===== EXERCISE DATA
(* Let $(\varphi_\alpha)_{\alpha>0}$ be a non-linear regularizing filter satisfying Assumption B. Let $z\in\operatorname{ran}(\mathbf{M}_\kappa)\cap\operatorname{ran}(\Phi_{\tilde\alpha,\kappa})$ for some $\tilde\alpha>0$. Let $\delta_k\to0$, $\alpha_k\to0$ be positive sequences for which there is a constant $C>0$ with $\delta_k^2\le C\alpha_k$ for all $k$, and let $z^k\in\ell^2(\Lambda)$ with $\|z-z^k\|_2\le\delta_k$. Then $\mathbf{M}_\kappa^+\circ\Phi_{\alpha_k,\kappa}(z^k)\rightharpoonup\mathbf{M}_\kappa^+z$ weakly as $k\to\infty$.
   Context: $\Lambda$ is an at most countable index set and $\kappa=(\kappa_\lambda)_{\lambda\in\Lambda}\in(0,\infty)^\Lambda$ with $\sup_\lambda\kappa_\lambda<\infty$. $\mathbf{M}_\kappa\colon\ell^2(\Lambda)\to\ell^2(\Lambda)$, $(x_\lambda)\mapsto(\kappa_\lambda x_\lambda)$; $\mathbf{M}_\kappa^+$ is its Moore–Penrose inverse, with domain $\operatorname{ran}(\mathbf{M}_\kappa)=\{(c_\lambda)\in\ell^2:(c_\lambda/\kappa_\lambda)\in\ell^2\}$ and $\mathbf{M}_\kappa^+((c_\lambda))=(c_\lambda/\kappa_\lambda)$. A non-linear regularizing filter is a family $(\varphi_\alpha)_{\alpha>0}$ of functions $\varphi_\alpha\colon(0,\infty)\times\mathbb{R}\to\mathbb{R}$ such that for all $\alpha,\kappa>0$: (F1) $\varphi_\alpha(\kappa,\cdot)$ is non-decreasing; (F2) $\varphi_\alpha(\kappa,\cdot)$ is 1-Lipschitz; (F3) $\varphi_\alpha(\kappa,0)=0$; (F4) $\lim_{\alpha\to0}\varphi_\alpha(\kappa,c)=c$ for all $c\in\mathbb{R}$. $\Phi_{\alpha,\kappa}\colon\ell^2(\Lambda)\to\ell^2(\Lambda)$, $(c_\lambda)\mapsto(\varphi_\alpha(\kappa_\lambda,c_\lambda))_\lambda$. Assumption B: (B1) for all $\kappa>0$ and $x\in\mathbb{R}$, $(|\varphi_\alpha(\kappa,x)|)_{\alpha>0}$ is monotonically increasing as $\alpha\downarrow0$; (B2) there exist $d,e>0$ such that for all $\kappa,\alpha>0$, $x\in\mathbb{R}$: $|x|\le d\alpha/\kappa\Rightarrow|\varphi_\alpha(\kappa,x)|\le\frac{e\kappa}{\sqrt\alpha}|x|$. *)

theory Defs
  imports "HOL-Analysis.Analysis"
begin

definition l2 :: "('a \<Rightarrow> real) set" where
  "l2 = {x. (\<lambda>l. (x l)\<^sup>2) summable_on UNIV}"

definition l2_inner :: "('a \<Rightarrow> real) \<Rightarrow> ('a \<Rightarrow> real) \<Rightarrow> real" where
  "l2_inner x y = (\<Sum>\<^sub>\<infinity>l. x l * y l)"

definition l2_norm :: "('a \<Rightarrow> real) \<Rightarrow> real" where
  "l2_norm x = sqrt (\<Sum>\<^sub>\<infinity>l. (x l)\<^sup>2)"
==========
Your answer should consist of the material above, written out word for word.

EXERCISE OUTPUT:
(* Let $(\varphi_\alpha)_{\alpha>0}$ be a non-linear regularizing filter satisfying Assumption B. Let $z\in\operatorname{ran}(\mathbf{M}_\kappa)\cap\operatorname{ran}(\Phi_{\tilde\alpha,\kappa})$ for some $\tilde\alpha>0$. Let $\delta_k\to0$, $\alpha_k\to0$ be positive sequences for which there is a constant $C>0$ with $\delta_k^2\le C\alpha_k$ for all $k$, and let $z^k\in\ell^2(\Lambda)$ with $\|z-z^k\|_2\le\delta_k$. Then $\mathbf{M}_\kappa^+\circ\Phi_{\alpha_k,\kappa}(z^k)\rightharpoonup\mathbf{M}_\kappa^+z$ weakly as $k\to\infty$.
   Context: $\Lambda$ is an at most countable index set and $\kappa=(\kappa_\lambda)_{\lambda\in\Lambda}\in(0,\infty)^\Lambda$ with $\sup_\lambda\kappa_\lambda<\infty$. $\mathbf{M}_\kappa\colon\ell^2(\Lambda)\to\ell^2(\Lambda)$, $(x_\lambda)\mapsto(\kappa_\lambda x_\lambda)$; $\mathbf{M}_\kappa^+$ is its Moore–Penrose inverse, with domain $\operatorname{ran}(\mathbf{M}_\kappa)=\{(c_\lambda)\in\ell^2:(c_\lambda/\kappa_\lambda)\in\ell^2\}$ and $\mathbf{M}_\kappa^+((c_\lambda))=(c_\lambda/\kappa_\lambda)$. A non-linear regularizing filter is a family $(\varphi_\alpha)_{\alpha>0}$ of functions $\varphi_\alpha\colon(0,\infty)\times\mathbb{R}\to\mathbb{R}$ such that for all $\alpha,\kappa>0$: (F1) $\varphi_\alpha(\kappa,\cdot)$ is non-decreasing; (F2) $\varphi_\alpha(\kappa,\cdot)$ is 1-Lipschitz; (F3) $\varphi_\alpha(\kappa,0)=0$; (F4) $\lim_{\alpha\to0}\varphi_\alpha(\kappa,c)=c$ for all $c\in\mathbb{R}$. $\Phi_{\alpha,\kappa}\colon\ell^2(\Lambda)\to\ell^2(\Lambda)$, $(c_\lambda)\mapsto(\varphi_\alpha(\kappa_\lambda,c_\lambda))_\lambda$. Assumption B: (B1) for all $\kappa>0$ and $x\in\mathbb{R}$, $(|\varphi_\alpha(\kappa,x)|)_{\alpha>0}$ is monotonically increasing as $\alpha\downarrow0$; (B2) there exist $d,e>0$ such that for all $\kappa,\alpha>0$, $x\in\mathbb{R}$: $|x|\le d\alpha/\kappa\Rightarrow|\varphi_\alpha(\kappa,x)|\le\frac{e\kappa}{\sqrt\alpha}|x|$. *)

theory Defs
  imports "HOL-Analysis.Analysis"
begin

definition l2 :: "('a \<Rightarrow> real) set" where
  "l2 = {x. (\<lambda>l. (x l)\<^sup>2) summable_on UNIV}"

definition l2_inner :: "('a \<Rightarrow> real) \<Rightarrow> ('a \<Rightarrow> real) \<Rightarrow> real" where
  "l2_inner x y = (\<Sum>\<^sub>\<infinity>l. x l * y l)"

definition l2_norm :: "('a \<Rightarrow> real) \<Rightarrow> real" where
  "l2_norm x = sqrt (\<Sum>\<^sub>\<infinity>l. (x l)\<^sup>2)"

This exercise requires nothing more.